Evolution of Media Monitoring and Innovations in PR Measurement

When you sit down and log on to your media monitoring platform, you usually know what to expect. Up-to-the minute results based on your keywords—which have been adjusted to reduce the likelihood of false positives—with results from publications around the globe. Social media mentions might be included too, along with some automated analysis such as sentiment. Charts and graphs are automatically generated for some content, allowing you to see results at a glance.

It was not always this easy, nor this quick, to collect and assess coverage.

Media monitoring has evolved considerably in the more than a century of its existence. And monitoring continues to change and adjust to advances in technology and customer demand.

Clipping Services

Media monitoring has a long history, starting with clipping services. The first of these was established in London by Henry Romeike, who moved to the US in 1887 and established a clip service there called Henry Romeike Incorporated of New York. Other, similar services popped up during the same period, including Burrelle’s Press Clipping Bureau established in 1888.

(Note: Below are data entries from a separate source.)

lemma hierarchical_hub_labeling_realizes_pattern:
  assumes "is_hierarchical_hub_labeling (hypercube_V d) hypercube_E H" "length P = d"
  shows "P \<in> (\<lambda>(v, w). spanning_pattern v w) ` Sigma (hypercube_V d) H"
proof -
  let ?V = "hypercube_V d"
  obtain r :: "bool list \<Rightarrow> nat"
    where r: "inj_on r ?V" "\<And>v w. v \<in> ?V \<Longrightarrow> w \<in> H v \<Longrightarrow> r v \<le> r w"
    using assms(1) unfolding is_hierarchical_hub_labeling_def by blast
  have cover: "\<And>u v. u \<in> ?V \<Longrightarrow> v \<in> ?V \<Longrightarrow>
       \<exists>w \<in> H u \<inter> H v. \<exists>p. is_shortest_path ?V hypercube_E p u v \<and> w \<in> set p"
    using assms(1) unfolding is_hierarchical_hub_labeling_def is_hub_labeling_def by blast
  have sub: "subcube P \<subseteq> ?V" using subcube_subset_hypercube_V[OF assms(2)] .
  obtain m where m: "m \<in> subcube P" and top: "\<And>x. x \<in> subcube P \<Longrightarrow> r x \<le> r m"
    using ex_max_rank[OF finite_subset[OF sub finite_hypercube_V] subcube_nonempty] by metis
  define v where "v = subcube_antipode P m"
  have "length v = length m"
    using m by (auto simp: v_def subcube_antipode_def subcube_def dest: list_all2_lengthD)
  then have pattern: "spanning_pattern v m = P"
    using m by (simp add: spanning_pattern_eq_iff v_def)
  have mV: "m \<in> ?V" and vV: "v \<in> ?V"
    using m sub \<open>length v = length m\<close> by (auto simp: hypercube_V_def)
  obtain w p where w: "w \<in> H v" "w \<in> H m"
    and p: "is_shortest_path ?V hypercube_E p v m" "w \<in> set p"
    using cover[OF vV mV] by blast
  have "w \<in> subcube P"
    using shortest_path_subset_subcube[OF p(1)] p(2) pattern by blast
  then have "r w \<le> r m" "w \<in> ?V" using top sub by auto
  moreover have "r m \<le> r w" using r(2)[OF mV w(2)] .
  ultimately have "w = m" using inj_onD[OF r(1) _ _ mV] by simp
  with w(1) vV have "(v, m) \<in> Sigma ?V H" by simp
  with pattern show ?thesis by (auto intro: image_eqI[of _ _ "(v, m)"])
qed

lemma hierarchical_hub_labeling_hypercube_size_ge:
  assumes "is_hierarchical_hub_labeling (hypercube_V d) hypercube_E H"
  shows "3 ^ d \<le> labeling_size (hypercube_V d) H"
proof -
  let ?V = "hypercube_V d"
  have hubs: "\<forall>v\<in>?V. H v \<subseteq> ?V"
    using assms unfolding is_hierarchical_hub_labeling_def is_hub_labeling_def by blast
  have fin: "finite (Sigma ?V H)"
    using finite_hypercube_V[of d] hubs by (intro finite_SigmaI) (auto intro: finite_subset)
  have "{P. length P = d} \<subseteq> (\<lambda>(v, w). spanning_pattern v w) ` Sigma ?V H"
    using hierarchical_hub_labeling_realizes_pattern[OF assms] by blast
  then have "card {P :: bool option list. length P = d} \<le> card (Sigma ?V H)"
    using card_mono[OF finite_imageI[OF fin]] card_image_le[OF fin] order_trans by blast
  then show ?thesis
    by (simp add: card_patterns labeling_size_eq_card_Sigma[OF finite_hypercube_V hubs])
qed

definition top_hub_labeling :: "(bool list \<Rightarrow> nat) \<Rightarrow> nat \<Rightarrow> bool list \<Rightarrow> bool list set" where
  "top_hub_labeling r d v =
     {w \<in> hypercube_V d. \<forall>x \<in> subcube (spanning_pattern v w). r x \<le> r w}"

lemma top_hub_labeling_hierarchical:
  assumes "inj_on r (hypercube_V d)"
  shows "is_hierarchical_hub_labeling (hypercube_V d) hypercube_E (top_hub_labeling r d)"
proof -
  let ?V = "hypercube_V d" and ?H = "top_hub_labeling r d"
  have cover: "\<exists>w \<in> ?H u \<inter> ?H v. \<exists>p. is_shortest_path ?V hypercube_E p u v \<and> w \<in> set p"
    if uv: "u \<in> ?V" "v \<in> ?V" for u v
  proof -
    let ?C = "subcube (spanning_pattern u v)"
    have "?C \<subseteq> ?V" using uv by (auto simp: mem_subcube_spanning_pattern)
    then have "finite ?C" using finite_hypercube_V by (rule finite_subset)
    moreover have "u \<in> ?C" using uv by (simp add: mem_subcube_spanning_pattern)
    ultimately obtain w where w: "w \<in> ?C" and top: "\<And>x. x \<in> ?C \<Longrightarrow> r x \<le> r w"
      using ex_max_rank[of ?C r] by blast
    have wV: "w \<in> ?V" using w uv by (simp add: mem_subcube_spanning_pattern)
    have "w \<in> ?H u"
      using subcube_spanning_pattern_mono[OF uv w] top wV by (auto simp: top_hub_labeling_def)
    moreover have "w \<in> ?H v"
      using subcube_spanning_pattern_mono[OF uv(2,1)] w top wV
      by (auto simp: top_hub_labeling_def spanning_pattern_commute[of v])
    moreover obtain p where "is_shortest_path ?V hypercube_E p u v" "w \<in> set p"
      using ex_shortest_path_through[OF uv w] by blast
    ultimately show ?thesis by blast
  qed
  have "r v \<le> r w" if "v \<in> ?V" "w \<in> ?H v" for v w
    using that by (auto simp: top_hub_labeling_def mem_subcube_spanning_pattern)
  with cover assms show ?thesis
    unfolding is_hierarchical_hub_labeling_def is_hub_labeling_def
    by (auto simp: top_hub_labeling_def)
qed

lemma top_hub_labeling_size_le:
  assumes "inj_on r (hypercube_V d)"
  shows "labeling_size (hypercube_V d) (top_hub_labeling r d) \<le> 3 ^ d"
proof -
  let ?V = "hypercube_V d" and ?H = "top_hub_labeling r d"
  have hubs: "\<forall>v\<in>?V. ?H v \<subseteq> ?V" by (auto simp: top_hub_labeling_def)
  have "inj_on (\<lambda>(v, w). spanning_pattern v w) (Sigma ?V ?H)"
  proof (rule inj_onI, clarsimp)
    fix v w v' w'
    assume vw: "v \<in> ?V" "w \<in> ?H v" "v' \<in> ?V" "w' \<in> ?H v'"
      and eq: "spanning_pattern v w = spanning_pattern v' w'"
    let ?P = "spanning_pattern v w"
    have lengths: "length v = length w" "length v' = length w'"
      using vw by (auto simp: top_hub_labeling_def hypercube_V_def)
    have w: "w \<in> subcube ?P" "v = subcube_antipode ?P w"
      using spanning_pattern_eq_iff[OF lengths(1), of ?P] by simp_all
    have w': "w' \<in> subcube ?P" "v' = subcube_antipode ?P w'"
      using spanning_pattern_eq_iff[OF lengths(2), of ?P] eq by simp_all
    have "r w' \<le> r w" "r w \<le> r w'"
      using vw w'(1) w(1) eq by (auto simp: top_hub_labeling_def)
    moreover have "w \<in> ?V" "w' \<in> ?V" using vw by (simp_all add: top_hub_labeling_def)
    ultimately show "v = v' \<and> w = w'" using inj_onD[OF assms, of w w'] w w' by simp
  qed
  moreover have "(\<lambda>(v, w). spanning_pattern v w) ` Sigma ?V ?H \<subseteq> {P. length P = d}"
    by (auto simp: spanning_pattern_def hypercube_V_def top_hub_labeling_def)
  moreover have "finite {P :: bool option list. length P = d}"
    using finite_lists_length_eq[of "UNIV :: bool option set" d] by simp
  ultimately have "card (Sigma ?V ?H) \<le> card {P :: bool option list. length P = d}"
    by (rule card_inj_on_le)
  then show ?thesis
    by (simp add: card_patterns labeling_size_eq_card_Sigma[OF finite_hypercube_V hubs])
qed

Clip services involved individuals physically paging through newspapers and periodicals, hunting for keywords and phrases, and then cutting out the articles. A very labour- and time-intensive process was the norm for decades.

Broadcast Monitoring

Television and radio monitoring was another innovation, enabled by advancements in audio and videotape technologies. Again, this was a largely physical process, which depended on someone recording the content and segmenting off the relevant portion to distribute to the client for review.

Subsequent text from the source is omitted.